Реабилитировавшись таким образом в собственных глазах, Шевчук почувствовал легкое сожаление от того, что спас тогда Панфилову жизнь. Если бы он этого не сделал, не было бы и свидетеля его позора. Шевчук словно забыл, что именно Константин решил логическую загадку со спрятанной взрывчаткой, и вообще, если бы не он – взрыв на рынке оказался бы для полковника Шевчука полной неожиданностью. И Шпицберген, которым любил пугать своих подчиненных генерал Утин, стал бы для него реальностью. Не обязательно, конечно, Шпицберген, это Утину просто название полюбилось, звучало, на его взгляд, устрашающе. Но в какую-нибудь Тмутаракань обязательно Шевчука заслали бы. И это еще – в лучшем случае. А то и под трибунал можно было угодить!
– Давайте, ребята, ближе, ближе, – услышал он тихий шепот Панфилова. – Быстрее, мы заждались уже, времени у нас мало.

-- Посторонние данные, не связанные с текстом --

(* Let $N\ge3$, $h=1/N$, $\rho_j=jh$, $I_j=[\rho_{j-1},\rho_j]$ ($j=1,\dots,N$, with $\rho_0\equiv\rho_N$ on $\mathbb{T}=\mathbb{R}/\mathbb{Z}$), and let $\mathbb{K}^h$ be the space of continuous periodic functions on $\mathbb{T}$ that are linear on each $I_j$. Let $\tau>0$ be arbitrary. Let $(\boldsymbol{X}^m,V^m,\kappa^m)\in[\mathbb{K}^h]^2\times\mathbb{K}^h\times\mathbb{K}^h$, $m\ge0$, be a sequence (with all segment lengths $|\boldsymbol{h}^m_j|>0$) such that for every $m\ge0$, $$\Big(\boldsymbol{n}^m\cdot\tfrac{\boldsymbol{X}^{m+1}-\boldsymbol{X}^m}{\tau},\phi^h\Big)_{\Gamma^m}=\big(V^{m+1},\phi^h\big)_{\Gamma^m}\quad\forall\phi^h\in\mathbb{K}^h,$$ $$\big(V^{m+1}\boldsymbol{n}^m,\boldsymbol{\omega}^h\big)_{\Gamma^m}=\Big(-\partial_s\kappa^{m+1}\,\boldsymbol{n}^m+\tfrac12(\kappa^{m+1})^2\partial_s\boldsymbol{X}^{m+1},\,\partial_s\boldsymbol{\omega}^h\Big)_{\Gamma^m}\quad\forall\boldsymbol{\omega}^h\in[\mathbb{K}^h]^2,$$ $$\Big(\tfrac{\kappa^{m+1}-\kappa^m}{\tau},\psi^h\Big)_{\Gamma^m}=\Big(\boldsymbol{n}^m\cdot\partial_s\big(\tfrac{\boldsymbol{X}^{m+1}-\boldsymbol{X}^m}{\tau}\big),\partial_s\psi^h\Big)_{\Gamma^m}-\Big(\big(\partial_s\boldsymbol{X}^{m+1}\cdot\partial_s\big(\tfrac{\boldsymbol{X}^{m+1}-\boldsymbol{X}^m}{\tau}\big)\big)\kappa^{m+1},\psi^h\Big)_{\Gamma^m}\quad\forall\psi^h\in\mathbb{K}^h.$$ Define $W^m:=\tfrac14\sum_{j=1}^N|\boldsymbol{h}^m_j|\big[(\kappa^m(\rho_{j-1}))^2+(\kappa^m(\rho_j))^2\big]$. Then, without any restriction on $\tau$, $W^{m+1}\le W^m\le W^0$ for all $m\ge0$.
   Context: For $\boldsymbol{X}^m\in[\mathbb{K}^h]^2$, the polygon $\Gamma^m=\boldsymbol{X}^m(\mathbb{T})$ has edges $\boldsymbol{h}^m_j=\boldsymbol{X}^m(\rho_j)-\boldsymbol{X}^m(\rho_{j-1})$. In all expressions with subscript $\Gamma^m$ the discrete arc-length derivative is taken with respect to $\Gamma^m$: for $u\in\mathbb{K}^h$ (or $[\mathbb{K}^h]^2$), $\partial_s u|_{I_j}=\frac{u(\rho_j)-u(\rho_{j-1})}{|\boldsymbol{h}^m_j|}$; in particular $\partial_s\boldsymbol{X}^{m+1}|_{I_j}=\boldsymbol{h}^{m+1}_j/|\boldsymbol{h}^m_j|$. The normal is $\boldsymbol{n}^m|_{I_j}=-(\boldsymbol{h}^m_j)^\perp/|\boldsymbol{h}^m_j|$ with $(u_1,u_2)^\perp=(-u_2,u_1)$. Mass-lumped inner product: $(u,v)_{\Gamma^m}=\frac12\sum_{j=1}^N|\boldsymbol{h}^m_j|\big[(u\cdot v)(\rho_{j-1}^+)+(u\cdot v)(\rho_j^-)\big]$, one-sided limits taken within $I_j$. *)

theory Defs
  imports "HOL-Analysis.Analysis"
begin
(* Assume the standing hypotheses below. For each $n<\omega$ let $X_n$ be a fixed basis of $G_n$, let $\mathcal{B}_n$ be the family of all subgroups of $G_n$ generated by subsets of $X_n$, and let $\mathcal{B}'_n = \{ A \in \mathcal{B}_n : A + G_i \text{ is pure in } G \text{ for every } i<\omega\}$. Then the collection $$\mathcal{B} = \{ A \le G : A \cap G_n \in \mathcal{B}'_n \text{ for every } n < \omega \}$$ is a $G(\aleph_0)$-family of $G$ consisting of pure subgroups of $G$.
   Context: Standing hypotheses: $G$ is a torsion-free abelian group and $0 = G_0 < G_1 < \dots < G_n < \dots$ ($n<\omega$) is an ascending chain of subgroups of $G$ such that every $G_n$ is free, every $G_n$ is a pure subgroup of $G$, and $G = \bigcup_{n<\omega} G_n$. A subgroup $H$ of an abelian group $G$ is pure if solubility in $G$ of every equation $nx = h$ with $n\in\mathbb{Z}$, $h\in H$ implies its solubility in $H$. A $G(\aleph_0)$-family of an abelian group $M$ is a collection $\mathcal{C}$ of subgroups of $M$ such that: (i) $0 \in \mathcal{C}$ and $M \in \mathcal{C}$; (ii) $\mathcal{C}$ is closed under unions of ascending chains; (iii) for every $A_0 \in \mathcal{C}$ and every countable subset $H \subseteq M$ there exists $A \in \mathcal{C}$ with $A_0 \cup H \subseteq A$ and $A/A_0$ countable. *)

theory Defs
  imports Main "HOL-Library.Countable_Set"
begin

text \<open>Abelian groups are rendered as subsets of an ambient type of class ab_group_add.\<close>

definition is_subgroup :: "'a::ab_group_add set \<Rightarrow> bool" where
  "is_subgroup H \<longleftrightarrow> 0 \<in> H \<and> (\<forall>x\<in>H. \<forall>y\<in>H. x + y \<in> H) \<and> (\<forall>x\<in>H. - x \<in> H)"

definition subgroup_of :: "'a::ab_group_add set \<Rightarrow> 'a set \<Rightarrow> bool" where
  "subgroup_of H G \<longleftrightarrow> is_subgroup H \<and> H \<subseteq> G"

definition natmul :: "nat \<Rightarrow> 'a::ab_group_add \<Rightarrow> 'a" where
  "natmul n x = ((\<lambda>y. y + x) ^^ n) 0"

definition zmul :: "int \<Rightarrow> 'a::ab_group_add \<Rightarrow> 'a" where
  "zmul k x = (if 0 \<le> k then natmul (nat k) x else - natmul (nat (- k)) x)"

definition torsion_free :: "'a::ab_group_add set \<Rightarrow> bool" where
  "torsion_free G \<longleftrightarrow> (\<forall>x\<in>G. \<forall>n::int. n \<noteq> 0 \<longrightarrow> zmul n x = 0 \<longrightarrow> x = 0)"

definition pure_in :: "'a::ab_group_add set \<Rightarrow> 'a set \<Rightarrow> bool" where
  "pure_in H G \<longleftrightarrow> subgroup_of H G \<and>
     (\<forall>n::int. \<forall>h\<in>H. (\<exists>x\<in>G. zmul n x = h) \<longrightarrow> (\<exists>y\<in>H. zmul n y = h))"

definition gen :: "'a::ab_group_add set \<Rightarrow> 'a set" where
  "gen S = \<Inter>{H. is_subgroup H \<and> S \<subseteq> H}"

definition zindep :: "'a::ab_group_add set \<Rightarrow> bool" where
  "zindep X \<longleftrightarrow> (\<forall>F c. finite F \<longrightarrow> F \<subseteq> X \<longrightarrow> (\<Sum>x\<in>F. zmul (c x) x) = 0 \<longrightarrow> (\<forall>x\<in>F. c x = 0))"

definition is_basis :: "'a::ab_group_add set \<Rightarrow> 'a set \<Rightarrow> bool" where
  "is_basis X H \<longleftrightarrow> X \<subseteq> H \<and> gen X = H \<and> zindep X"

definition free_group :: "'a::ab_group_add set \<Rightarrow> bool" where
  "free_group H \<longleftrightarrow> is_subgroup H \<and> (\<exists>X. is_basis X H)"

definition set_plus_grp :: "'a::ab_group_add set \<Rightarrow> 'a set \<Rightarrow> 'a set" where
  "set_plus_grp A B = {a + b | a b. a \<in> A \<and> b \<in> B}"

definition coset :: "'a::ab_group_add \<Rightarrow> 'a set \<Rightarrow> 'a set" where
  "coset a A = {a + b | b. b \<in> A}"

text \<open>A/A0 countable: the set of cosets of A0 met by A is countable.\<close>
definition quotient_countable :: "'a::ab_group_add set \<Rightarrow> 'a set \<Rightarrow> bool" where
  "quotient_countable A A0 \<longleftrightarrow> countable ((\<lambda>a. coset a A0) ` A)"

definition G_aleph0_family :: "'a::ab_group_add set set \<Rightarrow> 'a set \<Rightarrow> bool" where
  "G_aleph0_family C M \<longleftrightarrow>
     (\<forall>A\<in>C. subgroup_of A M) \<and>
     {0} \<in> C \<and> M \<in> C \<and>
     (\<forall>K. K \<subseteq> C \<longrightarrow> K \<noteq> {} \<longrightarrow> Complete_Partial_Order.chain (\<subseteq>) K \<longrightarrow> \<Union>K \<in> C) \<and>
     (\<forall>A0\<in>C. \<forall>H. H \<subseteq> M \<longrightarrow> countable H \<longrightarrow>
        (\<exists>A\<in>C. A0 \<union> H \<subseteq> A \<and> quotient_countable A A0))"

definition famB :: "(nat \<Rightarrow> 'a::ab_group_add set) \<Rightarrow> nat \<Rightarrow> 'a set set" where
  "famB X n = {gen S | S. S \<subseteq> X n}"

definition famB' :: "'a::ab_group_add set \<Rightarrow> (nat \<Rightarrow> 'a set) \<Rightarrow> (nat \<Rightarrow> 'a set) \<Rightarrow> nat \<Rightarrow> 'a set set" where
  "famB' G Gs X n = {A \<in> famB X n. \<forall>i. pure_in (set_plus_grp A (Gs i)) G}"
(* Let $\mathfrak{X}=\mathfrak{X}_{(\Gamma_q,i_q)_q}$ be a Bourgain–Delbaen space, let $\Gamma'$ be a self-determined subset of $\Gamma$, let $\mathfrak{X}'=\mathfrak{X}_{(\Gamma'_{q_s},i'_{q_s})_s}$ be the Bourgain–Delbaen space determined by $\Gamma'$ (as described in the context), and let $Y$ be the closed linear span of $\{d_\gamma:\gamma\in\Gamma\setminus\Gamma'\}$. Then the restriction map $R:\ell_\infty(\Gamma)\to\ell_\infty(\Gamma')$ maps $\mathfrak{X}$ onto $\mathfrak{X}'$ and the kernel of $R|_{\mathfrak{X}}$ is $Y$. Hence $\mathfrak{X}/Y$ is isomorphic to $\mathfrak{X}'$.
   Context: Bourgain–Delbaen spaces: given a strictly increasing sequence $(\Gamma_q)_q$ of non-empty finite sets with union $\Gamma$ and linear extension operators $i_q:\ell_\infty(\Gamma_q)\to\ell_\infty(\Gamma)$ ($i_q(x)|_{\Gamma_q}=x$) with $\sup_q\|i_q\|<\infty$ that are compatible (for $p<q$, $i_p=i_q\circ r_q\circ i_p$, with $r_q$ restriction onto $\Gamma_q$), set $\Delta_1=\Gamma_1$, $\Delta_{q+1}=\Gamma_{q+1}\setminus\Gamma_q$, $d_\gamma=i_q(e_\gamma)$ for $\gamma\in\Delta_q$; $\mathfrak{X}_{(\Gamma_q,i_q)_q}$ is the closed span of $\{d_\gamma\}$ in $\ell_\infty(\Gamma)$. $e_\gamma^*$ denotes evaluation at $\gamma$ restricted to the space, $(d_\gamma^* )$ the functionals biorthogonal to $(d_\gamma)$. An infinite subset $\Gamma'\subseteq\Gamma$ is self-determined if each $d_\gamma^*$, $\gamma\in\Gamma'$, lies in the linear span of $\{e_\eta^*:\eta\in\Gamma'\}$. For such $\Gamma'$: write $\{q:\Gamma'\cap\Delta_q\neq\varnothing\}=\{q_0<q_1<\cdots\}$, $\Gamma'_q=\Gamma'\cap\Gamma_q$, $R$ = restriction onto $\Gamma'$, and $i'_{q_s}:\ell_\infty(\Gamma'_{q_s})\to\ell_\infty(\Gamma')$, $i'_{q_s}(x)=R(i_{q_s}(x))$ ($x$ extended by zero to $\Gamma_{q_s}$). The sequence $(i'_{q_s})_s$ is a uniformly bounded compatible sequence of extension operators, so it defines the Bourgain–Delbaen space $\mathfrak{X}_{(\Gamma'_{q_s},i'_{q_s})_s}\subseteq\ell_\infty(\Gamma')$. *)

theory Defs
  imports Complex_Main "HOL-Library.Infinite_Set"
begin
text \<open>An oracle for consensus cannot help against asynchrony: \<open>k\<close> crashed processes are
  indistinguishable from \<open>k\<close> slow ones. Let processes \<open>1..k\<close> start with \<open>0\<close>, the others with
  \<open>1\<close>, and let \<open>1..k\<close> crash at once, while the others run round robin with reliable messages and an
  oracle that answers every consultation with the value of one of its queriers (a legal consensus
  oracle). Since \<open>k\<close> inputs are \<open>0\<close>, process \<open>n\<close> eventually decides \<open>0\<close>, at some time \<open>T\<close>.
  Now start everybody with \<open>1\<close> and crash only \<open>1..k-1\<close>, but keep process \<open>k\<close> asleep until \<open>T\<close>:
  up to \<open>T\<close> nothing observable changes, so \<open>n\<close> again decides \<open>0\<close>, although with all inputs \<open>1\<close> and
  fewer than \<open>k\<close> failures the only admissible decision is \<open>1\<close>. The oracle used here answers every
  querier, so the argument works for consensus oracles of any resilience.\<close>

lemma card_Collect_less_Suc:
  "card {s. s < Suc t \<and> P s} = card {s. s < t \<and> P s} + (if P t then 1 else 0)"
proof -
  have "{s. s < Suc t \<and> P s} = {s. s < t \<and> P s} \<union> (if P t then {t} else {})"
    by (auto simp: less_Suc_eq)
  then show ?thesis by auto
qed

lemma kTAg_prob_full_contains_input:
  assumes p: "p \<in> Proc n" and W: "binvec (Proc n) W"
  shows "W p \<in> kTAg_prob n (Proc n) F W"
proof (cases "n \<le> card {q \<in> Proc n. W q = 0}")
  case True
  have "{q \<in> Proc n. W q = 0} = Proc n"
    by (rule card_seteq) (use True in \<open>auto simp: Proc_def\<close>)
  then show ?thesis using True p by (auto simp: kTAg_prob_def)
next
  case False
  then show ?thesis using p W by (auto simp: kTAg_prob_def binvec_def)
qed

definition round_robin :: "nat \<Rightarrow> nat \<Rightarrow> nat \<Rightarrow> nat" where
  "round_robin a m t = a + t mod m"

lemma round_robin_bounds: "0 < m \<Longrightarrow> a \<le> round_robin a m t \<and> round_robin a m t < a + m"
  by (simp add: round_robin_def)

lemma round_robin_infinitely_often:
  assumes "a \<le> p" and "p < a + m"
  shows "\<exists>t'\<ge>t. round_robin a m t' = p"
proof (intro exI conjI)
  have "t \<le> t * m" using assms by simp
  then show "t \<le> t * m + (p - a)" by linarith
  have "(t * m + (p - a)) mod m = p - a"
    using assms by (subst mod_mult_self3) simp
  then show "round_robin a m (t * m + (p - a)) = p" using assms by (simp add: round_robin_def)
qed

lemma next_step_of:
  fixes w :: "nat \<Rightarrow> 'a"
  assumes "\<forall>t. \<exists>t'\<ge>t. w t' = p"
  shows "\<exists>t1\<ge>t. w t1 = p \<and> (\<forall>t'. t \<le> t' \<and> t' < t1 \<longrightarrow> w t' \<noteq> p)"
proof -
  let ?P = "\<lambda>t1. t1 \<ge> t \<and> w t1 = p"
  have "?P (LEAST t1. ?P t1)" using assms LeastI_ex[of ?P] by blast
  moreover have "\<forall>t'. t \<le> t' \<and> t' < (LEAST t1. ?P t1) \<longrightarrow> w t' \<noteq> p"
    using not_less_Least by blast
  ultimately show ?thesis by blast
qed

section \<open>Canonical executions\<close>

text \<open>An inbox entry \<open>(q, m, (s, i))\<close> is the message \<open>m\<close> that \<open>q\<close> sent as the \<open>i\<close>-th
  output of the step at time \<open>s\<close>; the pair \<open>(s, i)\<close> is what \<^const>\<open>src\<close> reports on its receipt.\<close>
record ('s, 'm) config =
  lstates :: "nat \<Rightarrow> 's"
  inbox :: "nat \<Rightarrow> (nat \<times> 'm \<times> (nat \<times> nat)) list"
  n_queries :: "nat \<Rightarrow> nat"
  n_resps :: "nat \<Rightarrow> nat"
  last_query :: "nat \<Rightarrow> nat"
  fixed_resp :: "nat \<Rightarrow> nat option"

«Черт возьми! – вспомнил Шевчук. – Время! Сколько до взрыва осталось?»
Он хотел посмотреть на часы, но не решился этого сделать. Любое неосторожное движение могло привлечь к ним с Панфиловым внимание водителя «Газели», лицо которого Шевчук мог рассмотреть через лобовое стекло. Какой будет его реакция, предсказать было трудно. Но рисковать не стоило.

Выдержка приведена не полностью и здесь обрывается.